(* Let $A\in\Theta(n,r)$, $\nu=\mathrm{co}(A)$, and $1\le i\le n-1$. Write $S=S_0(n,r)$. (1) Suppose $\nu_{i+1}\ge1$. Let $s=\min\{x: a_{xi}>0\}$ (with $s=\infty$ if column $i$ is zero) and $t=\min\{x:a_{x,i+1}>0\}$. Then $e_A=ye_{i,\nu}$ for some $y\in S$ if and only if $s\ge t$. (2) Suppose $\nu_i\ge1$. Let $x_0=\max\{x:a_{xi}>0\}$ and $y_0=\max\{x: a_{x,i+1}>0\}$ (with $y_0=-\infty$ if column $i+1$ is zero). Then $e_A=yf_{i,\nu}$ for some $y\in S$ if and only if $x_0\ge y_0$.
   Context: Setup: Fix positive integers $n,r$ and a field $k$. $\Lambda(n,r)$: compositions of $r$ into $n$ nonnegative parts. $\Theta(n,r)$: $n\times n$ nonnegative integer matrices $A=(a_{ij})$ with entry sum $r$, with row/column-sum vectors $\mathrm{ro}(A),\mathrm{co}(A)$. $E_{ij}$ denotes the elementary matrix. The $0$-Schur algebra $S_0(n,r)$ (specialization at $q=0$ of the $q$-Schur algebra, tensored with $k$) has basis $\{e_A:A\in\Theta(n,r)\}$ (orbits of $GL(V)$ on pairs of $n$-step flags in an $r$-dimensional space) with $e_Ae_B=0$ if $\mathrm{co}(A)\ne\mathrm{ro}(B)$, otherwise $e_Ae_B$ is the unique open orbit among pairs $(f,h)$ with $(f,g)\in e_A,(g,h)\in e_B$ for some $g$. For $\nu\in\Lambda(n,r)$: $e_{i,\nu}$ (defined if $\nu_{i+1}\ge1$) is $e_A$ with $\mathrm{co}(A)=\nu$ whose only nonzero off-diagonal entry is $1$ at $(i,i+1)$; $f_{i,\nu}$ (defined if $\nu_i\ge1$) is $e_A$ with $\mathrm{co}(A)=\nu$ whose only nonzero off-diagonal entry is $1$ at $(i+1,i)$. Right multiplication rules: if $\mathrm{co}(B)_{i+1}>0$ then $e_Bf_{i}=e_{B+E_{p,i}-E_{p,i+1}}$ with $p=\max\{j:b_{j,i+1}>0\}$; if $\mathrm{co}(B)_i>0$ then $e_Be_i=e_{B-E_{p,i}+E_{p,i+1}}$ with $p=\min\{j:b_{ji}>0\}$ (here $e_i,f_i$ are the generators with row vector $\mathrm{co}(B)$). *)

theory Defs
  imports Main "HOL-Library.Extended_Nat"
begin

■ Task objective
Only the stretch of lines that begins with the one holding "theory Defs" and ends with the last line above belongs in the answer; please write it out exactly.

■ Output below
theory Defs
  imports Main "HOL-Library.Extended_Nat"
begin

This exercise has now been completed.